In this section we summarize the main findings of this research.

  • Based on our experiments with iDT and the DNN-architectures, we observe that DNNs contribute highly in obtaining very promising classification rates, despite the small size of our dataset. We note that while the presented results significantly outperform previous methods based on handcrafted features (i.e., [3]), when fusing handcrafted features (e.g., iDT) with DNN-based approaches, accuracy increases consistently.

  • The methods adapted from action recognition generalize well to classification of facial dynamics. We observe this by the good classification rates, as well as by the facts that (a) temporal ConvNets performs better than spatial ConvNets (cf. [8, 30]), (b) fusion with iDT consistently improves the performance of DNNs (cf. [8, 42]), (c) Two-Stream ConvNets outperforms C3D (cf. [8]).

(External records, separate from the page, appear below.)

(* Let $n\ge 1$, $\theta\in(0,\pi)$, let $\chi_0$ be a positive definite $n\times n$ Hermitian matrix, let $\omega$ be an $n\times n$ Hermitian matrix with $\omega\in\Gamma_{\chi_0,\theta}$, and let $\epsilon_1>0$. Then there exists $\epsilon_2>0$ depending only on $\epsilon_1,\theta,n$ such that for every Hermitian matrix $\chi$ with $\chi_0\le\chi\le(1+\epsilon_2)\chi_0$ we have $\omega+2\epsilon_1\chi\in\Gamma_{\chi,\theta}$.
   Context: For a Hermitian matrix $\omega$ and a positive definite Hermitian matrix $\chi$, let $\lambda_1,\dots,\lambda_n$ be the eigenvalues of $\chi^{-1}\omega$ (the eigenvalues of $\omega$ with respect to $\chi$); $\mathrm{arccot}$ takes values in $(0,\pi)$. We write $\omega\in\Gamma_{\chi,\theta}$ if $\sum_{i\in I}\mathrm{arccot}(\lambda_i)<\theta$ for every $I\subset\{1,\dots,n\}$ with $|I|=n-1$. Inequalities between Hermitian matrices are in the sense of positive semidefiniteness. *)

theory Defs
  imports Complex_Main "Jordan_Normal_Form.Schur_Decomposition"
    "Jordan_Normal_Form.Gauss_Jordan_Elimination" "Jordan_Normal_Form.Char_Poly"
begin

definition arccot :: "real \<Rightarrow> real" where
  "arccot x = pi / 2 - arctan x"

definition hermitian :: "nat \<Rightarrow> complex mat \<Rightarrow> bool" where
  "hermitian n A \<longleftrightarrow> A \<in> carrier_mat n n \<and> mat_adjoint A = A"

definition psd :: "nat \<Rightarrow> complex mat \<Rightarrow> bool" where
  "psd n A \<longleftrightarrow> hermitian n A \<and>
     (\<forall>v \<in> carrier_vec n. 0 \<le> Re ((A *\<^sub>v v) \<bullet>c v))"

definition pos_def :: "nat \<Rightarrow> complex mat \<Rightarrow> bool" where
  "pos_def n A \<longleftrightarrow> hermitian n A \<and>
     (\<forall>v \<in> carrier_vec n. v \<noteq> 0\<^sub>v n \<longrightarrow> 0 < Re ((A *\<^sub>v v) \<bullet>c v))"

definition loewner_le :: "nat \<Rightarrow> complex mat \<Rightarrow> complex mat \<Rightarrow> bool" where
  "loewner_le n A B \<longleftrightarrow> A \<in> carrier_mat n n \<and> B \<in> carrier_mat n n \<and> psd n (B - A)"

definition rel_eigenvalues :: "complex mat \<Rightarrow> complex mat \<Rightarrow> complex multiset" where
  "rel_eigenvalues chi omega = proots (char_poly (the (mat_inverse chi) * omega))"

text \<open>omega \<in> Gamma_{chi,theta}: every sum of arccot over n-1 of the eigenvalues
  (i.e. omitting one eigenvalue, counted with multiplicity) is < theta.
  The eigenvalues are real; we take real parts.\<close>
definition in_Gamma :: "complex mat \<Rightarrow> real \<Rightarrow> complex mat \<Rightarrow> bool" where
  "in_Gamma chi theta omega \<longleftrightarrow>
     (let M = rel_eigenvalues chi omega in
      \<forall>x \<in># M. sum_mset (image_mset (\<lambda>y. arccot (Re y)) (M - {#x#})) < theta)"

end

theory Submission
  imports Defs
begin

text \<open>Diagonalize \<open>\<omega>\<close> simultaneously with \<open>\<chi>\<^sub>0\<close> and with \<open>\<chi>\<close>, with relative eigenvalues
  \<open>\<lambda>\<^sub>1 \<ge> \<dots> \<ge> \<lambda>\<^sub>n\<close> and \<open>\<mu>\<^sub>1 \<ge> \<dots> \<ge> \<mu>\<^sub>n\<close>. Because \<open>\<chi>\<^sub>0 \<le> \<chi> \<le> (1 + \<epsilon>\<^sub>2) \<chi>\<^sub>0\<close>, the
  Courant--Fischer principle gives \<open>\<lambda>\<^sub>k \<le> max \<mu>\<^sub>k ((1 + \<epsilon>\<^sub>2) \<mu>\<^sub>k)\<close>, and the eigenvalues of
  \<open>\<omega> + 2 \<epsilon>\<^sub>1 \<chi>\<close> relative to \<open>\<chi>\<close> are \<open>\<mu>\<^sub>k + 2 \<epsilon>\<^sub>1\<close>. What remains is an estimate for sums
  of at most \<open>n\<close> values of arccot. If every \<open>\<lambda>\<^sub>i\<close> is large, each term is small. Otherwise
  some \<open>\<lambda>\<^sub>i\<close> lies in a compact interval fixed by \<open>\<theta>\<close> and \<open>n\<close>, on which the shift by \<open>\<epsilon>\<^sub>1\<close>
  lowers arccot by a fixed amount; for \<open>\<epsilon>\<^sub>2\<close> small this outweighs the loss of at most
  \<open>\<epsilon>\<^sub>2\<close> per term caused by the multiplicative perturbation.\<close>

section \<open>Adjoints and congruence\<close>

lemma dim_mat_adjoint [simp]:
  "dim_row (mat_adjoint A) = dim_col A" "dim_col (mat_adjoint A) = dim_row A"
  unfolding mat_adjoint_def by auto

lemma mat_adjoint_carrier [simp]: "A \<in> carrier_mat n m \<Longrightarrow> mat_adjoint A \<in> carrier_mat m n"
  unfolding carrier_mat_def by auto

lemma index_mat_adjoint [simp]:
  "i < dim_col A \<Longrightarrow> j < dim_row A \<Longrightarrow> mat_adjoint A $$ (i, j) = conjugate (A $$ (j, i))"
  unfolding mat_adjoint_def by (simp add: mat_of_rows_def)

lemma row_mat_adjoint: "i < dim_col A \<Longrightarrow> row (mat_adjoint A) i = conjugate (col A i)"
  by (rule eq_vecI) auto

lemma mat_adjoint_adjoint [simp]: "mat_adjoint (mat_adjoint A) = A"
  by (rule eq_matI) auto

lemma mat_adjoint_one [simp]: "mat_adjoint (1\<^sub>m n :: complex mat) = 1\<^sub>m n"
  by (rule eq_matI) auto

lemma mat_adjoint_zero [simp]: "mat_adjoint (0\<^sub>m n m :: 'a :: conjugatable_field mat) = 0\<^sub>m m n"
  by (rule eq_matI) auto

lemma mat_adjoint_mult:
  assumes "A \<in> carrier_mat n m" "B \<in> carrier_mat m k"
  shows "mat_adjoint (A * B) = mat_adjoint B * mat_adjoint A"
proof (rule eq_matI)
  fix i j assume "i < dim_row (mat_adjoint B * mat_adjoint A)" "j < dim_col (mat_adjoint B * mat_adjoint A)"
  with assms show "mat_adjoint (A * B) $$ (i, j) = (mat_adjoint B * mat_adjoint A) $$ (i, j)"
    by (simp add: scalar_prod_def sum_conjugate conjugate_dist_mul mult.commute)
qed (use assms in auto)

lemma mat_adjoint_four_block_mat:
  assumes "A \<in> carrier_mat n1 m1" "B \<in> carrier_mat n1 m2" "C \<in> carrier_mat n2 m1" "D \<in> carrier_mat n2 m2"
  shows "mat_adjoint (four_block_mat A B C D) =
    four_block_mat (mat_adjoint A) (mat_adjoint C) (mat_adjoint B) (mat_adjoint D)"
  by (rule eq_matI) (use assms in \<open>simp_all add: four_block_mat_def\<close>)
lemma eval_clock_prog_Cn:
  assumes f: "\<And>ys. length ys = Suc (length gs) \<Longrightarrow>
      eval (clock_prog (length gs) f) ys (bounded_eval_code f ys)"
    and gs: "\<And>g ys. g \<in> set gs \<Longrightarrow> length ys = Suc a \<Longrightarrow>
      eval (clock_prog a g) ys (bounded_eval_code g ys)"
    and "length xs = a"
  shows "eval (clock_prog a (Cn f gs)) (k # xs) (bounded_eval_code (Cn f gs) (k # xs))"
proof -
  define G where "G = (\<lambda>g. Call (clock_prog a g) (bounded_eval_code g) (vars 0 (Suc a)))"
  define e where "e = Times (AllPos (map G gs))
     (Call (clock_prog (length gs) f) (bounded_eval_code f) (V 0 # map (\<lambda>g. Minus (G g) (K 1)) gs))"
  have prog: "clock_prog a (Cn f gs) = acomp e"
    by (simp add: e_def G_def clock_prog.simps)
  have aval_G: "aval (G g) (k # xs) = option_code (bounded_eval g k xs)" for g
    using \<open>length xs = a\<close> by (simp add: G_def map_aval_vars bounded_eval_code_def)
  have "wf_aexp e (length (k # xs))"
    using gs f \<open>length xs = a\<close> by (auto simp: e_def G_def wf_aexp_vars)
  then have "eval (clock_prog a (Cn f gs)) (k # xs) (aval e (k # xs))"
    unfolding prog by (rule eval_acomp)
  moreover have "aval e (k # xs) = bounded_eval_code (Cn f gs) (k # xs)"
  proof (cases "\<exists>g\<in>set gs. bounded_eval g k xs = None")
    case True
    then show ?thesis by (auto simp: e_def aval_AllPos aval_G bounded_eval_Cn bounded_eval_code_def)
  next
    case False
    then have "map (\<lambda>g. option_code (bounded_eval g k xs) - 1) gs =
        map (\<lambda>g. the (bounded_eval g k xs)) gs"
      by auto
    with False show ?thesis
      by (auto simp: e_def aval_AllPos aval_G bounded_eval_Cn bounded_eval_code_def comp_def
          simp del: map_eq_conv)
  qed
  ultimately show ?thesis by simp
qed

lemma eval_clock_prog_Pr:
  assumes f: "\<And>ys. length ys = Suc b \<Longrightarrow> eval (clock_prog b f) ys (bounded_eval_code f ys)"
    and g: "\<And>ys. length ys = Suc (Suc (Suc b)) \<Longrightarrow>
      eval (clock_prog (Suc (Suc b)) g) ys (bounded_eval_code g ys)"
    and "length xs = Suc b"
  shows "eval (clock_prog (Suc b) (Pr f g)) (k # xs) (bounded_eval_code (Pr f g) (k # xs))"
proof -
  define step where "step = Times (Sgn (V 1))
    (Call (clock_prog (Suc (Suc b)) g) (bounded_eval_code g)
      (V 2 # V 0 # Minus (V 1) (K 1) # vars 3 (b + 3)))"
  define iter where "iter = (\<lambda>l. option_code
    (pr_iterate (\<lambda>i y. bounded_eval g (l ! 1) (i # y # drop 2 l)) (bounded_eval f (l ! 1) (drop 2 l)) (l ! 0)))"
  define P where "P = Pr (clock_prog b f) (acomp step)"
  define e where "e = Call P iter (V 1 # V 0 # vars 2 (Suc (Suc b)))"
  have prog: "clock_prog (Suc b) (Pr f g) = acomp e"
    by (simp add: e_def P_def step_def iter_def numeral_eq_Suc clock_prog.simps)
  have eval_P: "eval P l (iter l)" if "length l = Suc (Suc b)" for l
  proof -
    from that obtain n k' zs where l: "l = n # k' # zs" "length zs = b"
      by (auto simp: length_Suc_conv)
    define r where "r = (\<lambda>i. option_code (pr_iterate (\<lambda>i y. bounded_eval g k' (i # y # zs))
      (bounded_eval f k' zs) i))"
    have "eval P (n # k' # zs) (r n)"
      unfolding P_def
    proof (rule eval_Pr_acomp)
      show "eval (clock_prog b f) (k' # zs) (r 0)"
        using f[of "k' # zs"] l by (simp add: r_def bounded_eval_code_def)
      show "wf_aexp step (length (k' # zs) + 2)"
        using g l by (auto simp: step_def wf_aexp_vars)
      show "aval step (i # r i # k' # zs) = r (Suc i)" for i
        using l by (cases "pr_iterate (\<lambda>i y. bounded_eval g k' (i # y # zs)) (bounded_eval f k' zs) i")
          (auto simp: step_def r_def map_aval_vars bounded_eval_code_def)
    qed
    then show ?thesis using l by (simp add: iter_def r_def)
  qed
  then have "wf_aexp e (length (k # xs))"
    using \<open>length xs = Suc b\<close> by (auto simp: e_def wf_aexp_vars)
  then have "eval (clock_prog (Suc b) (Pr f g)) (k # xs) (aval e (k # xs))"
    unfolding prog by (rule eval_acomp)
  moreover obtain n zs where "xs = n # zs"
    using \<open>length xs = Suc b\<close> by (cases xs) auto
  ultimately show ?thesis
    using \<open>length xs = Suc b\<close> by (simp add: e_def iter_def map_aval_vars bounded_eval_code_def)
qed

lemma eval_clock_prog_Mn:
  assumes f: "\<And>ys. length ys = Suc (Suc a) \<Longrightarrow> eval (clock_prog (Suc a) f) ys (bounded_eval_code f ys)"
    and "length xs = a"
  shows "eval (clock_prog a (Mn f)) (k # xs) (bounded_eval_code (Mn f) (k # xs))"
proof -
  define step where "step = SearchStep (V 1)
    (Call (clock_prog (Suc a) f) (bounded_eval_code f) (V 2 # V 0 # vars 3 (a + 3))) (V 0)"
  define search where "search = (\<lambda>l. search_state (\<lambda>y. bounded_eval f (l ! 1) (y # drop 2 l)) (l ! 0))"
  define P where "P = Pr (acomp (K 1)) (acomp step)"
  define e where "e = Minus (Call P search (V 0 # vars 0 (Suc a))) (K 1)"
  have prog: "clock_prog a (Mn f) = acomp e"
    by (simp add: e_def P_def step_def search_def clock_prog.simps)
  have eval_P: "eval P l (search l)" if "length l = Suc (Suc a)" for l
  proof -
    from that obtain n k' zs where l: "l = n # k' # zs" "length zs = a"
      by (auto simp: length_Suc_conv)
    have "eval P (n # k' # zs) (search_state (\<lambda>y. bounded_eval f k' (y # zs)) n)"
      unfolding P_def
    proof (rule eval_Pr_acomp)
      show "eval (acomp (K 1)) (k' # zs) (search_state (\<lambda>y. bounded_eval f k' (y # zs)) 0)"
        using eval_acomp[of "K 1" "k' # zs"] by simp
    qed (use f l in \<open>auto simp: step_def wf_aexp_vars map_aval_vars bounded_eval_code_def\<close>)
    then show ?thesis using l by (simp add: search_def)
  qed
  then have "wf_aexp e (length (k # xs))"
    using \<open>length xs = a\<close> by (auto simp: e_def wf_aexp_vars)
  then have "eval (clock_prog a (Mn f)) (k # xs) (aval e (k # xs))"
    unfolding prog by (rule eval_acomp)
  moreover have "search (k # k # xs) - 1 = bounded_eval_code (Mn f) (k # xs)"
    by (auto simp: search_def Let_def bounded_eval_code_def)
  ultimately show ?thesis
    using \<open>length xs = a\<close> by (simp add: e_def map_aval_vars)
qed

lemma eval_clock_prog: "length ys = Suc a \<Longrightarrow> eval (clock_prog a p) ys (bounded_eval_code p ys)"
proof (induction p arbitrary: a ys)
  case Zero
  have "eval (acomp (K 1)) ys (aval (K 1) ys)"
    by (rule eval_acomp) simp
  then show ?case
    by (simp add: clock_prog.simps bounded_eval_code_def)
next
  case Succ
  have "eval (acomp (Plus (V 1) (K 2))) ys (aval (Plus (V 1) (K 2)) ys)" if "a \<noteq> 0"
    using that Succ by (intro eval_acomp) simp
  with Succ show ?case
    by (auto simp: clock_prog.simps bounded_eval_code_def length_Suc_conv eval_Zero split: list.split)
next
  case (Proj i)
  have "eval (acomp (Plus (V (Suc i)) (K 1))) ys (aval (Plus (V (Suc i)) (K 1)) ys)" if "i < a"
    using that Proj by (intro eval_acomp) simp
  with Proj show ?case
    by (auto simp: clock_prog.simps bounded_eval_code_def length_Suc_conv eval_Zero)
next
  case (Cn f gs)
  then obtain k xs where "ys = k # xs" "length xs = a"
    by (auto simp: length_Suc_conv)
  with Cn.IH show ?case
    by (blast intro: eval_clock_prog_Cn)
next
  case (Pr f g)
  then obtain k xs where ys: "ys = k # xs" "length xs = a"
    by (auto simp: length_Suc_conv)
  show ?case
  proof (cases a)
    case 0
    with ys show ?thesis by (simp add: clock_prog.simps bounded_eval_code_def eval_Zero)
  next
    case (Suc b)
    then show ?thesis
      using eval_clock_prog_Pr[OF Pr.IH, of b xs k] ys by simp
  qed
next
  case (Mn f)
  then obtain k xs where "ys = k # xs" "length xs = a"
    by (auto simp: length_Suc_conv)
  with Mn.IH show ?case
    by (blast intro: eval_clock_prog_Mn)
qed

section \<open>Computably enumerable sets\<close>

definition BoundedEval :: "recf \<Rightarrow> aexp \<Rightarrow> aexp \<Rightarrow> aexp" where
  "BoundedEval p t x = Call (clock_prog 1 p) (bounded_eval_code p) [t, x]"

lemma aval_BoundedEval [simp]:
  "aval (BoundedEval p t x) xs = option_code (bounded_eval p (aval t xs) [aval x xs])"
  by (simp add: BoundedEval_def bounded_eval_code_def)

lemma wf_aexp_BoundedEval [simp]: "wf_aexp (BoundedEval p t x) n = (wf_aexp t n \<and> wf_aexp x n)"
  by (simp add: BoundedEval_def eval_clock_prog)

definition "tri_prog = Pr Zero (acomp (Plus (V 1) (Plus (V 0) (K 1))))"

lemma eval_tri_prog: "eval tri_prog (n # xs) (triangle n)"
  unfolding tri_prog_def by (rule eval_Pr_acomp) (auto intro: eval_Zero)

definition Tri :: "aexp \<Rightarrow> aexp" where
  "Tri e = Call tri_prog (\<lambda>l. triangle (hd l)) [e]"

lemma aval_Tri [simp]: "aval (Tri e) xs = triangle (aval e xs)"
  by (simp add: Tri_def)

lemma wf_aexp_Tri [simp]: "wf_aexp (Tri e) n = wf_aexp e n"
  by (auto simp: Tri_def length_Suc_conv eval_tri_prog)

primrec tri_root :: "nat \<Rightarrow> nat" where
  "tri_root 0 = 0"
| "tri_root (Suc x) = tri_root x + (1 - (triangle (tri_root x + 1) - Suc x))"

lemma tri_root_bounds: "triangle (tri_root x) \<le> x \<and> x < triangle (Suc (tri_root x))"
proof (induction x)
  case (Suc x)
  then show ?case
    by (cases "triangle (tri_root x + 1) \<le> Suc x") auto
qed simp

lemma prod_decode_tri_root:
  "prod_decode x = (x - triangle (tri_root x), tri_root x - (x - triangle (tri_root x)))"
proof -
  define s m where "s = tri_root x" and "m = x - triangle s"
  have "x = triangle s + m" "m \<le> s"
    using tri_root_bounds[of x] by (auto simp: s_def m_def)
  then have "prod_decode x = prod_decode_aux s m"
    using prod_decode_triangle_add by simp
  also have "\<dots> = (m, s - m)"
    using \<open>m \<le> s\<close> by (subst prod_decode_aux.simps) simp
  finally show ?thesis by (simp add: s_def m_def)
qed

  • Due to the limited size of our dataset, an end-to-end training from scratch of a DNN architecture is not feasible. Large action recognition datasets such as the UCF101 human action dataset offer suitable training alternatives for DNN-architectures.

  • The accuracy of facial dynamics classification depends on the features, as well as architecture used for assessment. Given the myriad of existing algorithms, exploring different types of features and architectures will be necessary to devise a robust solution.

  • High inter- and intra-variance of subjects and facial dynamics contribute to the remaining error rates. Further challenges include the low-intensity of facial dynamics exhibited by elderly patients, the unconstrained setting, allowing for facial dynamics to occur jointly, as well as ambiguous human annotation.

However, more work is necessary in this regard. Future work will involve fine-tuning of the involved methods. In addition, we intend to explore personalized facial dynamics assessment, where we will train algorithms on video sequences related to each patient, individually. Finally, we will design specific neural network models for facial dynamics assessment, placing emphasis on a single end-to-end model, incorporating face detection, facial feature extraction, as well as classification.

6 Conclusions

In this work we have compared three methods for assessment of facial dynamics exhibited by AD-patients in mnemotherapy. The three tested methods include Improved Dense Trajectories, 3D ConvNets and Two-Stream ConvNets, which we have adapted from action recognition. Despite the pre-training of mentioned methods on an action recognition dataset, the methods have generalized very well to facial dynamics. Experiments conducted on an assembled dataset of Alzheimer’s disease patients have resulted in a true classification rate of up to 79.5% for the fusion of Two-Stream ConvNets (ResNet-152) and iDT.